In 2015, Entergy and other Gulf Coast companies began a pilot program to restore coastal wetlands in Louisiana to provide storm protection. The effort can also be counted as an offset to the companies’ carbon emissions, since wetlands act as a carbon sink, providing a direct financial benefit.
The Alabama Power Company has constructed wetlands near its generation facilities; these also serve as filtration systems to remove chemicals from the water used in power-plant cooling.
Active management of the natural environment can provide utilities and other infrastructure owners with protection against extreme weather.
Factor an up-to-date view of risk into operations.
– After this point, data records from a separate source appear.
lemma rho_word_interior_tits_cone:
  "x \<in> interior tits_cone \<Longrightarrow> rho_word A w x \<in> interior tits_cone"
  using interior_bijective_linear_image[OF linear_rho_word bij_rho_word, where S = tits_cone]
  by (metis image_eqI rho_word_image_tits_cone)

lemma face_point_interior: "face_point s \<in> interior tits_cone"
proof -
  define N where "N = (\<Inter>k\<in>-{s}. {x. x$k < 0} \<inter> {x. x$k - x$s * A$k$s < 0})"
  have "open N" unfolding N_def
    by (intro open_INT ballI open_Int open_Collect_less continuous_intros) simp
  moreover have "face_point s \<in> N" by (simp add: N_def face_point_def)
  moreover have "N \<subseteq> tits_cone"
  proof
    fix x assume "x \<in> N"
    then have neg: "x$k < 0" "x$k - x$s * A$k$s < 0" if "k \<noteq> s" for k
      using that by (auto simp: N_def)
    show "x \<in> tits_cone"
    proof (cases "x$s \<le> 0")
      case True
      then have "x$k \<le> 0" for k using neg(1)[of k] by (cases "k = s") auto
      then have "x \<in> rho_word A [] ` fund_chamber" by (simp add: fund_chamber_def)
      then show ?thesis unfolding tits_cone_def by blast
    next
      case False
      then have "rho_gen A s x $ k \<le> 0" for k
        using neg(2)[of k] by (cases "k = s") (auto simp: rho_gen_component)
      then have "rho_gen A s x \<in> fund_chamber" by (simp add: fund_chamber_def)
      then have "x \<in> rho_word A [s] ` fund_chamber" by (rule rev_image_eqI) simp
      then show ?thesis unfolding tits_cone_def by blast
    qed
  qed
  ultimately show ?thesis by (meson interior_maximal subsetD)
qed
lemma components_mono:
  assumes "S' \<subseteq> S" "C \<in> components S' E"
  shows "\<exists>C'\<in>components S E. C \<subseteq> C'"
proof -
  obtain x where x: "x \<in> S'" "C = {y \<in> S'. (x, y) \<in> (induced_edges E S')\<^sup>*}"
    using assms(2) unfolding components_def by blast
  have "induced_edges E S' \<subseteq> induced_edges E S"
    using assms(1) unfolding induced_edges_def by blast
  then have "C \<subseteq> {y \<in> S. (x, y) \<in> (induced_edges E S)\<^sup>*}"
    using x assms(1) rtrancl_mono by blast
  moreover have "{y \<in> S. (x, y) \<in> (induced_edges E S)\<^sup>*} \<in> components S E"
    using x assms(1) unfolding components_def by blast
  ultimately show ?thesis by blast
qed

lemma small_components_mono:
  assumes "finite S" "S' \<subseteq> S" "\<forall>C\<in>components S E. 2 * card C \<le> n"
    and "C \<in> components S' E"
  shows "real (card C) \<le> real n / 2"
proof -
  obtain C' where C': "C' \<in> components S E" "C \<subseteq> C'"
    using components_mono[OF assms(2,4)] by blast
  have "finite C'" using components_subset[OF C'(1)] assms(1) finite_subset by blast
  then have "card C \<le> card C'" using C'(2) by (rule card_mono)
  moreover have "2 * card C' \<le> n" using assms(3) C'(1) by blast
  ultimately show ?thesis by linarith
qed

lemma majorities_intersect:
  assumes "finite V" "A \<subseteq> V" "B \<subseteq> V" "card V < 2 * card A" "card V < 2 * card B"
  shows "A \<inter> B \<noteq> {}"
proof
  assume "A \<inter> B = {}"
  then have "card A + card B = card (A \<union> B)"
    using assms(1-3) finite_subset by (intro card_Un_disjoint[symmetric]) auto
  also have "\<dots> \<le> card V" using assms(1-3) by (simp add: card_mono)
  finally show False using assms(4,5) by linarith
qed

locale graph_tree_decomp =
  fixes V :: "'a set" and E :: "('a \<times> 'a) set" and I :: "nat set" and F :: "(nat \<times> nat) set"
    and X :: "nat \<Rightarrow> 'a set"
  assumes graph: "simple_graph V E" and decomp: "tree_decomp V E I F X"
begin

abbreviation "F_del i \<equiv> del_node_edges I F i"

lemma finite_V: "finite V" and sym_E: "sym E"
  using graph by (auto simp: simple_graph_def)

lemma tree: "is_tree I F"
  using decomp by (auto simp: tree_decomp_def)

lemma finite_I: "finite I" and F_subset: "F \<subseteq> I \<times> I" and sym_F: "sym F"
  and I_nonempty: "I \<noteq> {}" and tree_connected: "u \<in> I \<Longrightarrow> v \<in> I \<Longrightarrow> (u, v) \<in> F\<^sup>*"
  using tree by (auto simp: is_tree_def simple_graph_def connected_graph_def)

lemma tree_edge_bridge:
  assumes "(i, j) \<in> F" shows "(i, j) \<notin> (F - {(i, j), (j, i)})\<^sup>*"
proof -
  have "\<forall>(a, b) \<in> F. (a, b) \<notin> (F - {(a, b), (b, a)})\<^sup>*"
    using tree unfolding is_tree_def by blast
  from bspec[OF this assms] show ?thesis by simp
qed

lemma bag_cover: "v \<in> V \<Longrightarrow> \<exists>l\<in>I. v \<in> X l"
  and edge_in_bag: "(u, v) \<in> E \<Longrightarrow> \<exists>l\<in>I. u \<in> X l \<and> v \<in> X l"
  using decomp by (auto simp: tree_decomp_def)

lemma bags_of_vertex_connected:
  assumes "v \<notin> X i" "l \<in> I" "v \<in> X l" "l' \<in> I" "v \<in> X l'"
  shows "(l, l') \<in> (F_del i)\<^sup>*"
proof -
  have "v \<in> V" using decomp assms(2,3) by (auto simp: tree_decomp_def)
  then have "(l, l') \<in> (induced_edges F {m \<in> I. v \<in> X m})\<^sup>*"
    using decomp assms(2-5) unfolding tree_decomp_def connected_graph_def by auto
  moreover have "induced_edges F {m \<in> I. v \<in> X m} \<subseteq> F_del i"
    using assms(1) unfolding induced_edges_def del_node_edges_def by auto
  ultimately show ?thesis using rtrancl_mono by blast
qed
Utilities should consider the increased risk from climate change predicted by the Fourth National Climate Assessment and other reports as they examine their daily operations, not just when they are considering long-term investments. In a 2019 filing before the California Public Utilities Commission, Southern California Edison proposed changes to its operations to reflect its acknowledgement of the increased risk of wildfires. These measures include the increased monitoring of electrical equipment, clearing trees that pose a wildfire risk, and enhancing situation-awareness capabilities to allow for rapid emergency response, as well as prioritization of investments based on which locations are at greatest risk of wildfires.
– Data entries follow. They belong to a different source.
(* Let $X \subset \mathbb{R}^d$ be a closed set and let $\mu$ be an admissible, $X$-indeterminate measure. Then there exists $\epsilon >0$ such that for every admissible measure $\sigma$ supported on $X$ with total mass $\sigma(X)<\epsilon$, the measure $\mu + \sigma$ is admissible and $X$-indeterminate.
   Context: An admissible measure on a closed set $X \subseteq \mathbb{R}^d$ is a positive Radon measure supported on $X$ with all polynomials integrable. $\mu$ is $X$-indeterminate if some admissible measure on $X$ distinct from $\mu$ has the same integrals against all polynomials. *)

theory Defs
  imports "HOL-Analysis.Analysis"
begin

definition monomial :: "('d::finite \<Rightarrow> nat) \<Rightarrow> real^'d \<Rightarrow> real" where
  "monomial \<alpha> x = (\<Prod>i\<in>UNIV. (x $ i) ^ (\<alpha> i))"

definition polynomial_functions :: "(real^'d::finite \<Rightarrow> real) set" where
  "polynomial_functions = {p. \<exists>A c. finite A \<and> p = (\<lambda>x. \<Sum>\<alpha>\<in>A. c \<alpha> * monomial \<alpha> x)}"

text \<open>Positive Radon measure on R^d: Borel measure, finite on compact sets
  (on R^d such measures are automatically regular).\<close>
definition radon_measure :: "(real^'d::finite) measure \<Rightarrow> bool" where
  "radon_measure M \<longleftrightarrow> sets M = sets borel \<and> (\<forall>K. compact K \<longrightarrow> emeasure M K < \<infinity>)"

definition supported_on :: "(real^'d::finite) measure \<Rightarrow> (real^'d) set \<Rightarrow> bool" where
  "supported_on M X \<longleftrightarrow> emeasure M (UNIV - X) = 0"

definition admissible :: "(real^'d::finite) set \<Rightarrow> (real^'d) measure \<Rightarrow> bool" where
  "admissible X M \<longleftrightarrow> radon_measure M \<and> supported_on M X \<and>
     (\<forall>p\<in>polynomial_functions. integrable M p)"

definition X_indeterminate :: "(real^'d::finite) set \<Rightarrow> (real^'d) measure \<Rightarrow> bool" where
  "X_indeterminate X M \<longleftrightarrow> (\<exists>N. admissible X N \<and> N \<noteq> M \<and>
     (\<forall>p\<in>polynomial_functions. integral\<^sup>L N p = integral\<^sup>L M p))"

definition measure_add :: "'a measure \<Rightarrow> 'a measure \<Rightarrow> 'a measure" where
  "measure_add M N = measure_of (space M) (sets M) (\<lambda>A. emeasure M A + emeasure N A)"

end

theory Submission imports Defs begin

text \<open>Since adding the same finite measure to two measures neither creates nor destroys a
  difference between them, a measure \<open>\<nu> \<noteq> \<mu>\<close> with the moments of \<open>\<mu>\<close> yields \<open>\<nu> + \<sigma> \<noteq> \<mu> + \<sigma>\<close>
  with the moments of \<open>\<mu> + \<sigma>\<close>. Every admissible \<open>\<sigma>\<close> of finite mass on \<open>X\<close> is therefore allowed,
  and any \<open>\<epsilon> > 0\<close> works.\<close>

lemma sets_measure_add [simp, measurable_cong]: "sets (measure_add M N) = sets M"
  unfolding measure_add_def by simp

lemma space_measure_add [simp]: "space (measure_add M N) = space M"
  unfolding measure_add_def by simp

lemma emeasure_measure_add:
  assumes "sets N = sets M"
  shows "emeasure (measure_add M N) A = emeasure M A + emeasure N A"
proof (cases "A \<in> sets M")
  case True
  have "countably_additive (sets M) (\<lambda>A. emeasure M A + emeasure N A)"
  proof (unfold countably_additive_def, intro allI impI)
    fix F :: "nat \<Rightarrow> _"
    assume F: "range F \<subseteq> sets M" "disjoint_family F" "\<Union> (range F) \<in> sets M"
    have "(\<Sum>i. emeasure M (F i) + emeasure N (F i)) = (\<Sum>i. emeasure M (F i)) + (\<Sum>i. emeasure N (F i))"
      by (rule suminf_add[symmetric]) auto
    also have "\<dots> = emeasure M (\<Union> (range F)) + emeasure N (\<Union> (range F))"
      using suminf_emeasure[OF F(1,2)] suminf_emeasure[of F N] F assms by simp
    finally show "(\<Sum>i. emeasure M (F i) + emeasure N (F i)) =
      emeasure M (\<Union> (range F)) + emeasure N (\<Union> (range F))" .
  qed
  then show ?thesis
    unfolding measure_add_def using True assms
    by (intro emeasure_measure_of_sigma sets.sigma_algebra_axioms) (auto simp: positive_def)
qed (use assms in \<open>simp add: emeasure_notin_sets\<close>)

lemma nn_integral_measure_add:
  assumes N: "sets N = sets M" and f: "f \<in> borel_measurable M"
  shows "(\<integral>\<^sup>+x. f x \<partial>measure_add M N) = (\<integral>\<^sup>+x. f x \<partial>M) + (\<integral>\<^sup>+x. f x \<partial>N)"
  using f
proof induct
  case (cong f g)
  have "space N = space M" using N by (rule sets_eq_imp_space_eq)
  with cong show ?case
    by (metis (no_types, lifting) nn_integral_cong space_measure_add)
next
  case (set A)
  then show ?case using N by (simp add: emeasure_measure_add)
next
  case (mult u c)
  then have "u \<in> borel_measurable N" "u \<in> borel_measurable (measure_add M N)"
    using N by (simp_all cong: measurable_cong_sets)
  with mult show ?case by (simp add: nn_integral_cmult distrib_left)
next
  case (add u v)
  then have "u \<in> borel_measurable N" "v \<in> borel_measurable N"
    "u \<in> borel_measurable (measure_add M N)" "v \<in> borel_measurable (measure_add M N)"
    using N by (simp_all cong: measurable_cong_sets)
  with add show ?case by (simp add: nn_integral_add algebra_simps)
next
  case (seq U)
  have SUP_integral: "(\<integral>\<^sup>+x. (SUP i. U i) x \<partial>K) = (SUP i. integral\<^sup>N K (U i))"
    if "sets K = sets M" for K
  proof -
    have "U i \<in> borel_measurable K" for i
      using seq(1) that by (simp cong: measurable_cong_sets)
    then show ?thesis
      unfolding SUP_apply by (rule nn_integral_monotone_convergence_SUP[OF seq(4)])
  qed
  have inc: "incseq (\<lambda>i. integral\<^sup>N K (U i))" for K
    using seq(4) by (auto simp: incseq_def le_fun_def intro!: nn_integral_mono)
  show ?case
    unfolding SUP_integral[OF refl] SUP_integral[OF N] SUP_integral[OF sets_measure_add]
    using seq(3) ennreal_SUP_add[OF inc inc] by simp
qed

lemma
  fixes f :: "'a \<Rightarrow> real"
  assumes N: "sets N = sets M" and fM: "integrable M f" and fN: "integrable N f"
  shows integrable_measure_add: "integrable (measure_add M N) f"
    and integral_measure_add: "integral\<^sup>L (measure_add M N) f = integral\<^sup>L M f + integral\<^sup>L N f"
proof -
  have f: "f \<in> borel_measurable M" using fM by auto
  note pos = nn_integral_measure_add[OF N, of "\<lambda>x. ennreal (f x)"]
  note neg = nn_integral_measure_add[OF N, of "\<lambda>x. ennreal (- f x)"]
  have fin: "(\<integral>\<^sup>+ x. ennreal (f x) \<partial>M) < \<infinity>" "(\<integral>\<^sup>+ x. ennreal (- f x) \<partial>M) < \<infinity>"
    "(\<integral>\<^sup>+ x. ennreal (f x) \<partial>N) < \<infinity>" "(\<integral>\<^sup>+ x. ennreal (- f x) \<partial>N) < \<infinity>"
    using fM fN unfolding real_integrable_def by (auto simp: less_top)
  show "integrable (measure_add M N) f"
    unfolding real_integrable_def using f pos neg fin by auto
  then show "integral\<^sup>L (measure_add M N) f = integral\<^sup>L M f + integral\<^sup>L N f"
    using fM fN pos neg fin by (simp add: real_lebesgue_integral_def enn2real_plus)
qed

lemma measure_add_cancel_right:
  assumes "sets M = sets S" "sets N = sets S" "finite_measure S"
    and "measure_add M S = measure_add N S"
  shows "M = N"
proof (rule measure_eqI)
  show "sets M = sets N" using assms by simp
  fix A assume "A \<in> sets M"
  have "emeasure M A + emeasure S A = emeasure N A + emeasure S A"
    using arg_cong[OF assms(4), of "\<lambda>K. emeasure K A"] assms(1,2)
    by (simp add: emeasure_measure_add)
  moreover have "emeasure S A \<noteq> \<infinity>"
    using finite_measure.emeasure_finite[OF assms(3)] by simp
  ultimately show "emeasure M A = emeasure N A"
    by (metis add.commute ennreal_add_left_cancel)
qed

lemma admissible_measure_add:
  assumes M: "admissible X M" and N: "admissible X N"
  shows "admissible X (measure_add M N)"
proof -
  have sets: "sets M = sets borel" "sets N = sets M"
    using M N by (auto simp: admissible_def radon_measure_def)
  with M N show ?thesis
    by (auto simp: admissible_def radon_measure_def supported_on_def emeasure_measure_add
        integrable_measure_add)
qed

text \<open>Closedness of \<open>X\<close> makes the decomposition \<open>X \<union> (UNIV - X)\<close> measurable.\<close>

lemma admissible_finite_measure:
  assumes "closed X" "admissible X \<sigma>" "emeasure \<sigma> X < \<infinity>"
  shows "finite_measure \<sigma>"
proof
  have sets: "sets \<sigma> = sets borel" using assms(2) by (simp add: admissible_def radon_measure_def)
  have "emeasure \<sigma> (X \<union> (UNIV - X)) \<le> emeasure \<sigma> X + emeasure \<sigma> (UNIV - X)"
    using assms(1) sets by (intro emeasure_subadditive) (auto simp: open_Diff)
  also have "\<dots> < \<infinity>"
    using assms(2,3) by (simp add: admissible_def supported_on_def)
  finally show "emeasure \<sigma> (space \<sigma>) \<noteq> \<infinity>"
    using sets_eq_imp_space_eq[OF sets] by simp
qed

lemma X_indeterminate_measure_add:
  assumes "X_indeterminate X \<mu>" "admissible X \<mu>" "admissible X \<sigma>" "finite_measure \<sigma>"
  shows "X_indeterminate X (measure_add \<mu> \<sigma>)"
proof -
  obtain \<nu> where \<nu>: "admissible X \<nu>" "\<nu> \<noteq> \<mu>"
    and moments: "\<forall>p\<in>polynomial_functions. integral\<^sup>L \<nu> p = integral\<^sup>L \<mu> p"
    using assms(1) unfolding X_indeterminate_def by blast
  have sets: "sets \<mu> = sets \<sigma>" "sets \<nu> = sets \<sigma>"
    using assms(2,3) \<nu>(1) by (auto simp: admissible_def radon_measure_def)
  have "measure_add \<nu> \<sigma> \<noteq> measure_add \<mu> \<sigma>"
    using measure_add_cancel_right[OF sets(2,1) assms(4)] \<nu>(2) by blast
  moreover have "integral\<^sup>L (measure_add \<nu> \<sigma>) p = integral\<^sup>L (measure_add \<mu> \<sigma>) p"
    if "p \<in> polynomial_functions" for p
    using that assms(2,3) \<nu>(1) moments sets
    by (simp add: admissible_def integral_measure_add)
  ultimately show ?thesis
    unfolding X_indeterminate_def
    using admissible_measure_add[OF \<nu>(1) assms(3)] by blast
qed

theorem mainTheorem14:
  fixes X :: "(real^'d::finite) set" and \<mu> :: "(real^'d) measure"
  assumes "closed X"
    and "admissible X \<mu>"
    and "X_indeterminate X \<mu>"
  shows "\<exists>\<epsilon>::real. \<epsilon> > 0 \<and>
    (\<forall>\<sigma>. admissible X \<sigma> \<and> emeasure \<sigma> X < ennreal \<epsilon> \<longrightarrow>
       admissible X (measure_add \<mu> \<sigma>) \<and> X_indeterminate X (measure_add \<mu> \<sigma>))"
proof (intro exI[of _ 1] conjI allI impI)
  fix \<sigma> assume \<sigma>: "admissible X \<sigma> \<and> emeasure \<sigma> X < ennreal 1"
  then have "emeasure \<sigma> X < \<infinity>"
    by (auto elim: order.strict_trans)
  with \<sigma> have "finite_measure \<sigma>"
    using admissible_finite_measure[OF assms(1)] by blast
  with assms(2,3) \<sigma> show "admissible X (measure_add \<mu> \<sigma>)" "X_indeterminate X (measure_add \<mu> \<sigma>)"
    using admissible_measure_add X_indeterminate_measure_add by blast+
qed simp

end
Look for new partners to help develop and finance resiliency strategies. Utilities can work with insurers and reinsurers to assess climate risk and adaptation strategies. The latter can then help them underwrite those risks after the utilities have made agreed-upon investments in modernizing their infrastructures. In developing the Gulf Coast resiliency report, for example, Entergy worked with Swiss Re to develop regional models for climate
Public–private partnerships are another way to finance new investments in resiliency (see sidebar, “The role of regulation”). One effort in Colorado is creating a demonstration solar panel and battery-storage microgrid outside Denver. In the event of an outage, the microgrid would automatically be switched on, with power provided by an intelligent rooftop photovoltaic battery system to keep critical services running. The project is also intended to improve the integration of renewable energy and to cope with peak demand.
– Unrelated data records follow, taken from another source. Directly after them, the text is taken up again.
lemma level_attained:
  assumes "length x = n"
  shows "\<exists>C. is_chain n C \<and> last C = x \<and> decr_chain fs C = level fs n x"
proof -
  have "is_chain n [x]"
    using assms by (simp add: is_chain_def)
  then have "{decr_chain fs C | C. is_chain n C \<and> last C = x} \<noteq> {}"
    by fastforce
  then have "level fs n x \<in> {decr_chain fs C | C. is_chain n C \<and> last C = x}"
    unfolding level_def using finite_decr_chains by (rule Max_in[rotated])
  then show ?thesis
    by auto
qed

lemma decr_chain_le_level: "is_chain n C \<Longrightarrow> last C = x \<Longrightarrow> decr_chain fs C \<le> level fs n x"
  unfolding level_def using finite_decr_chains[of fs n "\<lambda>C. last C = x"] by (intro Max_ge) auto

lemma level_le_decrease: "length x = n \<Longrightarrow> level fs n x \<le> decrease n fs"
  using level_attained decr_chain_le_decrease by metis

lemma is_chain_snoc:
  assumes C: "is_chain n C" and le: "tuple_le (last C) x" and ne: "last C \<noteq> x"
    and x: "length x = n"
  shows "is_chain n (C @ [x])"
proof -
  have C_ne: "C \<noteq> []" and last: "C ! (length C - 1) = last C"
    using C by (auto simp: is_chain_def last_conv_nth)
  have "x \<notin> set C"
  proof
    assume "x \<in> set C"
    then obtain i where "i < length C" "C ! i = x"
      by (auto simp: in_set_conv_nth)
    then have "tuple_le x (last C)"
      using is_chain_nth_le[OF C, of i "length C - 1"] last by simp
    then show False
      using tuple_le_antisym[OF le] ne by simp
  qed
  moreover have "tuple_le ((C @ [x]) ! i) ((C @ [x]) ! Suc i)" if "Suc i < length (C @ [x])" for i
  proof (cases "Suc i < length C")
    case True
    then show ?thesis
      using C by (simp add: nth_append is_chain_def)
  next
    case False
    then have "i = length C - 1"
      using that by simp
    then show ?thesis
      using le last C_ne False by (simp add: nth_append)
  qed
  ultimately show ?thesis
    using C x by (simp add: is_chain_def)
qed

lemma decr_chain_snoc:
  assumes "C \<noteq> []"
  shows "decr_chain fs (C @ [x]) = decr_chain fs C + (if jumpF fs (last C) x then 1 else 0)"
proof -
  let ?J = "{i. Suc i < length C \<and> jumpF fs (C ! i) (C ! Suc i)}"
  have "(Suc i < length (C @ [x]) \<and> jumpF fs ((C @ [x]) ! i) ((C @ [x]) ! Suc i)) \<longleftrightarrow>
        i \<in> ?J \<or> (i = length C - 1 \<and> jumpF fs (last C) x)" for i
    using assms by (cases "Suc i < length C"; cases "i = length C - 1") (auto simp: nth_append last_conv_nth)
  then have "{i. Suc i < length (C @ [x]) \<and> jumpF fs ((C @ [x]) ! i) ((C @ [x]) ! Suc i)} =
        ?J \<union> (if jumpF fs (last C) x then {length C - 1} else {})"
    by auto
  moreover have "finite ?J"
    by (rule finite_subset[of _ "{..<length C}"]) auto
  ultimately show ?thesis
    using assms unfolding decr_chain_def by (simp add: card_insert_if)
qed

lemma level_step:
  assumes x: "length x = n" and y: "length y = n" and le: "tuple_le y x"
  shows "level fs n y + (if jumpF fs y x then 1 else 0) \<le> level fs n x"
proof (cases "y = x")
  case True
  then show ?thesis
    by (simp add: jumpF_def jump_def)
next
  case False
  obtain C where C: "is_chain n C" "last C = y" "decr_chain fs C = level fs n y"
    using level_attained[OF y] by blast
  have "is_chain n (C @ [x])"
    using is_chain_snoc[OF C(1)] C(2) le False x by simp
  moreover have "decr_chain fs (C @ [x]) = level fs n y + (if jumpF fs y x then 1 else 0)"
    using decr_chain_snoc[of C fs x] C by (simp add: is_chain_def)
  ultimately show ?thesis
    using decr_chain_le_level[of n "C @ [x]" x fs] by simp
qed

lemma level_mono:
  "length x = n \<Longrightarrow> length y = n \<Longrightarrow> tuple_le y x \<Longrightarrow> level fs n y \<le> level fs n x"
  using level_step[of x n y fs] by simp

lemma div_pow2_diff_Suc:
  fixes v :: nat
  assumes "t < r"
  shows "v div 2 ^ (r - Suc t) = 2 * (v div 2 ^ (r - t)) + of_bool (bit v (r - Suc t))"
proof -
  obtain k where k: "r - Suc t = k" "r - t = Suc k"
    using assms by (metis Suc_diff_Suc)
  have "v div 2 ^ Suc k = v div 2 ^ k div 2"
    by (simp only: power_Suc2 div_mult2_eq)
  then show ?thesis
    unfolding k by (simp add: bit_iff_odd)
qed

lemma div_pow2_eq_of_high_bits:
  fixes u v :: nat
  assumes le: "u \<le> v" and v: "v < 2 ^ r"
    and bits: "\<forall>s<t. bit v (r - Suc s) \<longrightarrow> bit u (r - Suc s)" and t: "t \<le> r"
  shows "u div 2 ^ (r - t) = v div 2 ^ (r - t)"
  using bits t
proof (induction t)
  case 0
  then show ?case
    using le v by simp
next
  case (Suc t)
  then have "u div 2 ^ (r - t) = v div 2 ^ (r - t)"
    by simp
  then have "v div 2 ^ (r - Suc t) \<le> u div 2 ^ (r - Suc t)"
    using div_pow2_diff_Suc[of t r u] div_pow2_diff_Suc[of t r v] Suc.prems by auto
  moreover have "u div 2 ^ (r - Suc t) \<le> v div 2 ^ (r - Suc t)"
    using le by (rule div_le_mono)
  ultimately show ?case
    by simp
qed

lemma bit_mono_of_high_bits:
  fixes u v :: nat
  assumes le: "u \<le> v" and v: "v < 2 ^ r"
    and bits: "\<forall>s<t. bit v (r - Suc s) \<longrightarrow> bit u (r - Suc s)" and t: "t < r"
    and u_bit: "bit u (r - Suc t)"
  shows "bit v (r - Suc t)"
proof -
  have "u div 2 ^ (r - t) = v div 2 ^ (r - t)"
    using div_pow2_eq_of_high_bits[OF le v bits] t by simp
  moreover have "u div 2 ^ (r - Suc t) \<le> v div 2 ^ (r - Suc t)"
    using le by (rule div_le_mono)
  ultimately show ?thesis
    using div_pow2_diff_Suc[of t r u] div_pow2_diff_Suc[of t r v] t u_bit
    by (cases "bit v (r - Suc t)") auto
qed

lemma eq_of_high_bits:
  fixes u v :: nat
  assumes "u \<le> v" "v < 2 ^ r" "\<forall>s<r. bit v (r - Suc s) \<longrightarrow> bit u (r - Suc s)"
  shows "u = v"
  using div_pow2_eq_of_high_bits[OF assms] by simp

locale level_bits_circuit =
  fixes om :: basis_om and n :: nat and fs :: "(bool list \<Rightarrow> bool) list" and r :: nat
    and a b :: "bool list"
  assumes om_ne: "om \<noteq> []"
    and len_a: "length a = fst (om ! 0)" and len_b: "length b = fst (om ! 0)"
    and a_le_b: "tuple_le a b" and om_a: "snd (om ! 0) a" and om_b: "\<not> snd (om ! 0) b"
    and level_less: "\<And>x. length x = n \<Longrightarrow> level fs n x < 2 ^ r"
begin

text \<open>Digit \<open>t\<close> of the level, counted from the most significant of \<open>r\<close> binary digits.\<close>

definition level_bit :: "nat \<Rightarrow> bool list \<Rightarrow> bool" where
  "level_bit t x \<longleftrightarrow> bit (level fs n x) (r - Suc t)"

definition extend :: "nat \<Rightarrow> bool list \<Rightarrow> bool list" where
  "extend t x = x @ map (\<lambda>s. \<not> level_bit s x) [0..<t]"

definition up_closure :: "(bool list \<Rightarrow> bool) \<Rightarrow> nat \<Rightarrow> bool list \<Rightarrow> bool" where
  "up_closure P t v \<longleftrightarrow> (\<exists>y. length y = n \<and> P y \<and> tuple_le (extend t y) v)"

lemma monotone_up_closure: "monotone_fun k (up_closure P t)"
  unfolding monotone_fun_def up_closure_def using tuple_le_trans by fastforce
Finally, research institutions can help apply new ideas and strategies to a specific utility’s context. For example, the Natural Capital Project—a partnership among Stanford University, the Chinese Academy of Sciences, the University of Minnesota, the Stockholm Resilience Centre, the World Wildlife Fund, and the Nature Conservancy—works with stakeholders to develop plans and stimulate investment in developments that improve resiliency through nature-based projects.
These and other ideas must be stress tested and analyzed to ensure they are appropriate for specific circumstances. But the point is to begin considering them.
Utilities are asset-heavy businesses that must maintain extensive and expensive infrastructures. Unless they become more resilient to extreme weather, those assets will be vulnerable—and so will the utilities. They are not, however, helpless before climactic impacts. They can prepare. Not only does this make good sense, it is good business.